La vie est un combat qu'ils ont change en fete.

Lei Elus
, E. VERHAIREN.

The excitement a few days later spread through the village like a
flame. People came out of their way to steal a glance at the Pension
that now, for the first time in their—memory, was free of debt. Gygi,
tolling the bell at
midi
, forgot to stop, as he peered through the
narrow window in the church tower and watched the Widow Jequier
planting and digging recklessly in her garden. Several came running
down the street, thinking it was a warning of fire.

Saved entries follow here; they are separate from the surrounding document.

lemma ensures_SINR_powr_pathloss:
  fixes \<alpha> \<beta> No C D :: real
  assumes \<beta>: "\<beta> > 0" and \<alpha>: "\<alpha> > 2" and No: "No > 0" and C: "C > 0" and D: "D > 0"
    and margin: "(1 + C) * (packing_sum \<alpha> * \<beta>) powr (1 / \<alpha>) < C * (2 + D) / 2"
  shows "ensures_SINR \<beta> No (\<lambda>d. 1 / (1 + d) powr \<alpha>) C D"
proof -
  define s where "s = C * (2 + D) / 2"
  have s: "s > 0" using C D by (simp add: s_def)
  have Cs: "C \<le> s" using C D by (simp add: s_def field_simps)
  have Z: "packing_sum \<alpha> > 0" using packing_sum_pos[OF \<alpha>] .
  have "((1 + C) * (packing_sum \<alpha> * \<beta>) powr (1 / \<alpha>)) powr \<alpha> < s powr \<alpha>"
    using margin C Z \<beta> \<alpha> by (intro powr_less_mono2) (simp_all add: s_def)
  then have "(1 + C) powr \<alpha> * (packing_sum \<alpha> * \<beta>) < s powr \<alpha>"
    using C Z \<beta> \<alpha> by (simp add: powr_mult powr_powr)
  then have bounds: "\<beta> * (packing_sum \<alpha> / s powr \<alpha>) < 1 / (1 + C) powr \<alpha>"
    using C s by (simp add: field_simps)
  show ?thesis
  proof (rule ensures_SINR_of_bounds[OF \<beta> No bounds])
    fix t r :: "real^2" and T assume fin: "finite T" and tT: "t \<notin> T" and DC: "DC C D t r T"
    then have tr: "norm (t - r) \<le> C"
      and sep: "\<And>x y. x \<in> T \<union> {t} \<Longrightarrow> y \<in> T \<union> {t} \<Longrightarrow> x \<noteq> y \<Longrightarrow> 2 * s \<le> dist x y"
      by (auto simp: DC_def s_def dist_norm)
    have "1 + norm (t - r) > 0" by (simp add: add_pos_nonneg)
    with tr C \<alpha> show "1 / (1 + C) powr \<alpha> \<le> 1 / (1 + norm (t - r)) powr \<alpha>"
      by (intro divide_left_mono powr_mono2) auto
    have "s \<le> dist x r" if x: "x \<in> T" for x
    proof -
      have "2 * s \<le> dist x t" using sep[of x t] x tT by auto
      moreover have "dist x t \<le> dist x r + dist t r" by (rule dist_triangle2)
      ultimately show ?thesis using tr Cs by (simp add: dist_norm)
    qed
    with fin s \<alpha> sep show "(\<Sum>x\<in>T. 1 / (1 + norm (x - r)) powr \<alpha>) \<le> packing_sum \<alpha> / s powr \<alpha>"
      by (intro sum_powr_pathloss_le) auto
  qed simp
qed

theorem lemma2:
  fixes \<alpha> \<beta> No :: real
  assumes "\<beta> > 0" "\<alpha> > 2" "No > 0"
  defines "\<eta> \<equiv> (\<lambda>d::real. 1 / (1 + d) powr \<alpha>)"
  defines "\<tau> \<equiv> 2 * ((\<Sum>k. 6 / real (Suc k) powr (\<alpha> - 1)) + (\<Sum>k. 3 / real (Suc k) powr \<alpha>)) powr (1 / \<alpha>)"
  shows "(\<forall>C D. C > 0 \<longrightarrow> D > 0 \<longrightarrow> (1 + C) / (C * (2 + D)) < 1 / (\<tau> * \<beta> powr (1 / \<alpha>))
            \<longrightarrow> ensures_SINR \<beta> No \<eta> C D)
       \<and> (\<forall>C>0. \<exists>D>0. ensures_SINR \<beta> No \<eta> C D)
       \<and> (\<exists>D>0. \<exists>C0. \<forall>C\<ge>C0. ensures_SINR \<beta> No \<eta> C D)"
proof -
  define K where "K = 2 * (packing_sum \<alpha> * \<beta>) powr (1 / \<alpha>)"
  have K: "K > 0" using packing_sum_pos[OF assms(2)] assms(1) by (simp add: K_def)
  have K_eq: "\<tau> * \<beta> powr (1 / \<alpha>) = K"
    using packing_sum_pos[OF assms(2)] assms(1) by (simp add: \<tau>_def K_def packing_sum_def powr_mult)
  have ensures: "ensures_SINR \<beta> No \<eta> C D" if "C > 0" "D > 0" "(1 + C) * K < C * (2 + D)" for C D
  proof -
    have "(1 + C) * (packing_sum \<alpha> * \<beta>) powr (1 / \<alpha>) < C * (2 + D) / 2"
      using that(3) unfolding K_def by linarith
    then show ?thesis
      using ensures_SINR_powr_pathloss[of \<beta> \<alpha> No C D] that assms by (simp add: \<eta>_def)
  qed
  have part_a: "ensures_SINR \<beta> No \<eta> C D"
    if "C > 0" "D > 0" "(1 + C) / (C * (2 + D)) < 1 / (\<tau> * \<beta> powr (1 / \<alpha>))" for C D
    using that K mult_pos_pos[of C "2 + D"] by (intro ensures) (simp_all add: K_eq field_simps)
  have part_b: "\<exists>D>0. ensures_SINR \<beta> No \<eta> C D" if "C > 0" for C
  proof (intro exI conjI)
    show "(1 + C) * K / C > 0" using that K by simp
    then show "ensures_SINR \<beta> No \<eta> C ((1 + C) * K / C)"
      using that K by (intro ensures) (simp_all add: field_simps)
  qed
  have part_c: "ensures_SINR \<beta> No \<eta> C (2 * K)" if "C \<ge> 1" for C
  proof (rule ensures)
    have "(1 + C) * K \<le> 2 * C * K" using that K by (intro mult_right_mono) auto
    also have "\<dots> < C * (2 + 2 * K)" using that by (simp add: algebra_simps)
    finally show "(1 + C) * K < C * (2 + 2 * K)" .
  qed (use that K in auto)
  have "\<exists>D>0. \<exists>C0. \<forall>C\<ge>C0. ensures_SINR \<beta> No \<eta> C D"
    using K part_c by (intro exI[of _ "2 * K"] conjI exI[of _ 1]) auto
  with part_a part_b show ?thesis by simp
qed

end
(* Let $\mathbf{X}\sim\mathcal{MSP}(\boldsymbol{\mu},\mathbf{K})$ be a $p$-variate $L^2$-continuous process on a compact interval $\mathcal{T}$, $P=\{1,\dots,p\}$, and let $(\pi_i,\boldsymbol{\psi}_i)$, $i=1,\dots,M$, be the $M$ largest eigenpairs of its covariance operator with $\pi_M>0$; write $\psi_{i,k}=\boldsymbol{\psi}_i'\mathbf{e}_k$. For $S\subseteq P$ let $\hat{\mathbf{X}}^S=(\hat X^S_1,\dots,\hat X^S_p)'$ with $\hat X^S_j=X_j$ if $j\in S$ and $\hat X^S_j=\mu_j$ if $j\notin S$, and let $\Delta_k\mathrm{fMMD}^2(\hat{\mathbf{X}}^S,\boldsymbol{\mu};\mathbf{K},M)=\mathrm{fMMD}^2(\hat{\mathbf{X}}^{S\cup\{k\}},\boldsymbol{\mu};\mathbf{K},M)-\mathrm{fMMD}^2(\hat{\mathbf{X}}^S,\boldsymbol{\mu};\mathbf{K},M)$. Then $$\theta_k(\mathbf{X},\boldsymbol{\mu};\mathbf{K},M):=\sum_{S\subseteq P\setminus\{k\}}\frac{|S|!(p-|S|-1)!}{p!}\Delta_k\mathrm{fMMD}^2(\hat{\mathbf{X}}^S,\boldsymbol{\mu};\mathbf{K},M)=\sum_{i=1}^M\frac{1}{\pi_i}\langle X_k-\mu_k,\psi_{i,k}\rangle\langle\mathbf{X}-\boldsymbol{\mu},\boldsymbol{\psi}_i\rangle.$$
   Context: $\mathcal{H}=L^2(\mathcal{T})^p$ with $\langle\mathbf{x},\mathbf{y}\rangle=\sum_j\int_{\mathcal{T}}x_jy_j$; for scalar functions $\langle f,g\rangle=\int_{\mathcal{T}}fg$. $\mathbf{X}\sim\mathcal{MSP}(\boldsymbol{\mu},\mathbf{K})$: mean $\boldsymbol{\mu}(t)=E\mathbf{X}(t)$, covariance kernel $\mathbf{K}(s,t)=[\mathrm{Cov}(X_i(s),X_j(t))]$, covariance operator $\mathcal{C}\mathbf{x}(s)=\int\mathbf{K}(s,t)\mathbf{x}(t)dt$ with orthonormal eigenfunctions $\boldsymbol{\psi}_i$ and nonincreasing eigenvalues $\pi_i$. $\mathrm{fMMD}^2(\mathbf{Y},\boldsymbol{\mu};\mathbf{K},M)=\sum_{i=1}^M\pi_i^{-1}\langle\mathbf{Y}-\boldsymbol{\mu},\boldsymbol{\psi}_i\rangle^2$. $\mathbf{e}_k$ is the $k$th canonical basis vector of $\mathbb{R}^p$. *)

theory Defs
  imports "HOL-Analysis.Analysis" "HOL-Probability.Probability"
begin

text \<open>Multivariate functions x in H = L2(T)^p are represented as
  x :: nat \<Rightarrow> real \<Rightarrow> real, with x j t the j-th component at time t, j \<in> {1..p}.\<close>

definition sinner :: "real set \<Rightarrow> (real \<Rightarrow> real) \<Rightarrow> (real \<Rightarrow> real) \<Rightarrow> real" where
  "sinner T f g = integral T (\<lambda>t. f t * g t)"

definition Hinner :: "real set \<Rightarrow> nat \<Rightarrow> (nat \<Rightarrow> real \<Rightarrow> real) \<Rightarrow> (nat \<Rightarrow> real \<Rightarrow> real) \<Rightarrow> real" where
  "Hinner T p x y = (\<Sum>j=1..p. sinner T (x j) (y j))"

definition L2fun :: "real set \<Rightarrow> (real \<Rightarrow> real) \<Rightarrow> bool" where
  "L2fun T f \<longleftrightarrow> f measurable_on T \<and> (\<lambda>t. (f t)\<^sup>2) integrable_on T"

definition inH :: "real set \<Rightarrow> nat \<Rightarrow> (nat \<Rightarrow> real \<Rightarrow> real) \<Rightarrow> bool" where
  "inH T p x \<longleftrightarrow> (\<forall>j\<in>{1..p}. L2fun T (x j))"

text \<open>Covariance operator with kernel K (K j l s t = Cov(X_j(s), X_l(t))).\<close>
definition cov_op :: "real set \<Rightarrow> nat \<Rightarrow> (nat \<Rightarrow> nat \<Rightarrow> real \<Rightarrow> real \<Rightarrow> real)
    \<Rightarrow> (nat \<Rightarrow> real \<Rightarrow> real) \<Rightarrow> nat \<Rightarrow> real \<Rightarrow> real" where
  "cov_op T p K x j s = (\<Sum>l=1..p. integral T (\<lambda>t. K j l s t * x l t))"

definition is_eigenpair :: "real set \<Rightarrow> nat \<Rightarrow> (nat \<Rightarrow> nat \<Rightarrow> real \<Rightarrow> real \<Rightarrow> real)
    \<Rightarrow> real \<Rightarrow> (nat \<Rightarrow> real \<Rightarrow> real) \<Rightarrow> bool" where
  "is_eigenpair T p K lam phi \<longleftrightarrow> inH T p phi \<and> Hinner T p phi phi > 0 \<and>
     (\<forall>j\<in>{1..p}. \<forall>s\<in>T. cov_op T p K phi j s = lam * phi j s)"

definition top_eigenpairs :: "real set \<Rightarrow> nat \<Rightarrow> (nat \<Rightarrow> nat \<Rightarrow> real \<Rightarrow> real \<Rightarrow> real)
    \<Rightarrow> nat \<Rightarrow> (nat \<Rightarrow> real) \<Rightarrow> (nat \<Rightarrow> nat \<Rightarrow> real \<Rightarrow> real) \<Rightarrow> bool" where
  "top_eigenpairs T p K M pe psi \<longleftrightarrow>
     (\<forall>i\<in>{1..M}. is_eigenpair T p K (pe i) (psi i)) \<and>
     (\<forall>i\<in>{1..M}. \<forall>i'\<in>{1..M}. Hinner T p (psi i) (psi i') = (if i = i' then 1 else 0)) \<and>
     (\<forall>i\<in>{1..M}. \<forall>i'\<in>{1..M}. i \<le> i' \<longrightarrow> pe i' \<le> pe i) \<and>
     (\<forall>lam phi. is_eigenpair T p K lam phi \<and> (\<forall>i\<in>{1..M}. Hinner T p phi (psi i) = 0)
        \<longrightarrow> lam \<le> pe M)"

definition fMMD2 :: "real set \<Rightarrow> nat \<Rightarrow> (nat \<Rightarrow> real \<Rightarrow> real) \<Rightarrow> (nat \<Rightarrow> real \<Rightarrow> real)
    \<Rightarrow> (nat \<Rightarrow> real) \<Rightarrow> (nat \<Rightarrow> nat \<Rightarrow> real \<Rightarrow> real) \<Rightarrow> nat \<Rightarrow> real" where
  "fMMD2 T p Y mu pe psi M =
     (\<Sum>i=1..M. (1 / pe i) * (Hinner T p (\<lambda>j t. Y j t - mu j t) (psi i))\<^sup>2)"

definition Xhat :: "nat set \<Rightarrow> (nat \<Rightarrow> real \<Rightarrow> real) \<Rightarrow> (nat \<Rightarrow> real \<Rightarrow> real) \<Rightarrow> nat \<Rightarrow> real \<Rightarrow> real" where
  "Xhat S x mu = (\<lambda>j t. if j \<in> S then x j t else mu j t)"

definition shapley_fMMD :: "real set \<Rightarrow> nat \<Rightarrow> (nat \<Rightarrow> real \<Rightarrow> real) \<Rightarrow> (nat \<Rightarrow> real \<Rightarrow> real)
    \<Rightarrow> (nat \<Rightarrow> real) \<Rightarrow> (nat \<Rightarrow> nat \<Rightarrow> real \<Rightarrow> real) \<Rightarrow> nat \<Rightarrow> nat \<Rightarrow> real" where
  "shapley_fMMD T p x mu pe psi M k =
     (\<Sum>S\<in>Pow ({1..p} - {k}).
        (fact (card S) * fact (p - card S - 1) / fact p) *
        (fMMD2 T p (Xhat (insert k S) x mu) mu pe psi M - fMMD2 T p (Xhat S x mu) mu pe psi M))"

end

theory Submission
  imports Defs
begin

(* Centred at the mean, the coordinates outside S drop out of every score
  \<langle>X\<^sup>S - \<mu>, \<psi>\<^sub>i\<rangle>, which becomes the additive sum of the
  c\<^sub>i\<^sub>j = \<langle>X\<^sub>j - \<mu>\<^sub>j, \<psi>\<^sub>i\<^sub>j\<rangle> over j in S. So the fMMD is a
  weighted sum of squares of additive games, and by linearity of the Shapley value it suffices that
  the Shapley value of S \<mapsto> (\<Sum>j\<in>S. c j)\<^sup>2 for player k is c k times the total sum:
  the marginal contribution is c k\<^sup>2 + 2 c k \<Sum>j\<in>S. c j, the Shapley weights sum to 1, and by
  the symmetry S \<mapsto> N - S every other player lies in coalitions of total weight exactly 1/2.
  The identity is algebraic: of the hypotheses only k \<in> {1..p} is used. *)

definition shapley_weight :: "nat \<Rightarrow> nat \<Rightarrow> real" where
  "shapley_weight n s = fact s * fact (n - s) / fact (n + 1)"

text \<open>N is the set of players other than k.\<close>
definition shapley_value :: "'a set \<Rightarrow> ('a set \<Rightarrow> real) \<Rightarrow> 'a \<Rightarrow> real" where
  "shapley_value N v k = (\<Sum>S\<in>Pow N. shapley_weight (card N) (card S) * (v (insert k S) - v S))"

lemma sum_shapley_weight:
  assumes "finite N"
  shows "(\<Sum>S\<in>Pow N. shapley_weight (card N) (card S)) = 1"
proof -
  let ?n = "card N"
  have "(\<Sum>S\<in>Pow N. shapley_weight ?n (card S)) =
        (\<Sum>s\<le>?n. \<Sum>S\<in>{S. S \<in> Pow N \<and> card S = s}. shapley_weight ?n (card S))"
    by (rule sum.group[symmetric]) (auto simp: assms card_mono)
  also have "\<dots> = (\<Sum>s\<le>?n. 1 / real (?n + 1))"
  proof (rule sum.cong[OF refl])
    fix s assume "s \<in> {..?n}"
    moreover have "(fact ?n :: real) + fact ?n * real ?n > 0"
      by (simp add: add_pos_nonneg)
    ultimately have "real (?n choose s) * shapley_weight ?n s = 1 / real (?n + 1)"
      by (simp add: shapley_weight_def binomial_fact fact_reduce[of "?n + 1"] field_simps)
    moreover have "(\<Sum>S\<in>{S. S \<in> Pow N \<and> card S = s}. shapley_weight ?n (card S))
        = real (?n choose s) * shapley_weight ?n s"
      using n_subsets[OF assms, of s] by simp
    ultimately show "(\<Sum>S\<in>{S. S \<in> Pow N \<and> card S = s}. shapley_weight ?n (card S))
        = 1 / real (?n + 1)" by simp
  qed
  also have "\<dots> = 1" by simp
  finally show ?thesis .
qed

lemma sum_shapley_weight_containing:
  assumes "finite N" "j \<in> N"
  shows "(\<Sum>S\<in>{S\<in>Pow N. j \<in> S}. shapley_weight (card N) (card S)) = 1 / 2"
proof -
  let ?w = "\<lambda>S. shapley_weight (card N) (card S)"
  have complement: "(\<Sum>S\<in>{S\<in>Pow N. j \<in> S}. ?w S) = (\<Sum>S\<in>{S\<in>Pow N. j \<notin> S}. ?w S)"
  proof (rule sum.reindex_bij_witness[where i = "\<lambda>S. N - S" and j = "\<lambda>S. N - S"])
    fix S assume "S \<in> {S\<in>Pow N. j \<in> S}"
    then have "card (N - S) = card N - card S" "card S \<le> card N"
      using assms by (auto simp: card_Diff_subset finite_subset card_mono)
    then show "?w (N - S) = ?w S" by (simp add: shapley_weight_def)
  qed (use assms in auto)
  have "(\<Sum>S\<in>Pow N. ?w S) = (\<Sum>S\<in>{S\<in>Pow N. j \<in> S} \<union> {S\<in>Pow N. j \<notin> S}. ?w S)"
    by (rule sum.cong) auto
  also have "\<dots> = (\<Sum>S\<in>{S\<in>Pow N. j \<in> S}. ?w S) + (\<Sum>S\<in>{S\<in>Pow N. j \<notin> S}. ?w S)"
    by (rule sum.union_disjoint) (use assms(1) in auto)
  finally have "(\<Sum>S\<in>Pow N. ?w S) = (\<Sum>S\<in>{S\<in>Pow N. j \<in> S}. ?w S) + (\<Sum>S\<in>{S\<in>Pow N. j \<notin> S}. ?w S)" .
  with complement sum_shapley_weight[OF assms(1)] show ?thesis by simp
qed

But the secret was well kept; no one discovered who had worked the
miracle. Pride sealed the lips of the beneficiaries themselves, while
the inhabitants of the Citadelle, who alone shared the knowledge, kept
the facts secret, as in honour bound. Every one wondered, however, for
every one knew the sum ran into several thousand francs; and a
thousand francs was a fortune; the rich man in the corner house, who
owned so many vineyards, and was reputed to enjoy an income of ten
thousand francs a year, was always referred to as 'le million naire.'
And so the story spread that Madame Jequier had inherited a fortune,
none knew whence. The tradespeople treated her thereafter with a
degree of respect that sweetened her days till the end of life.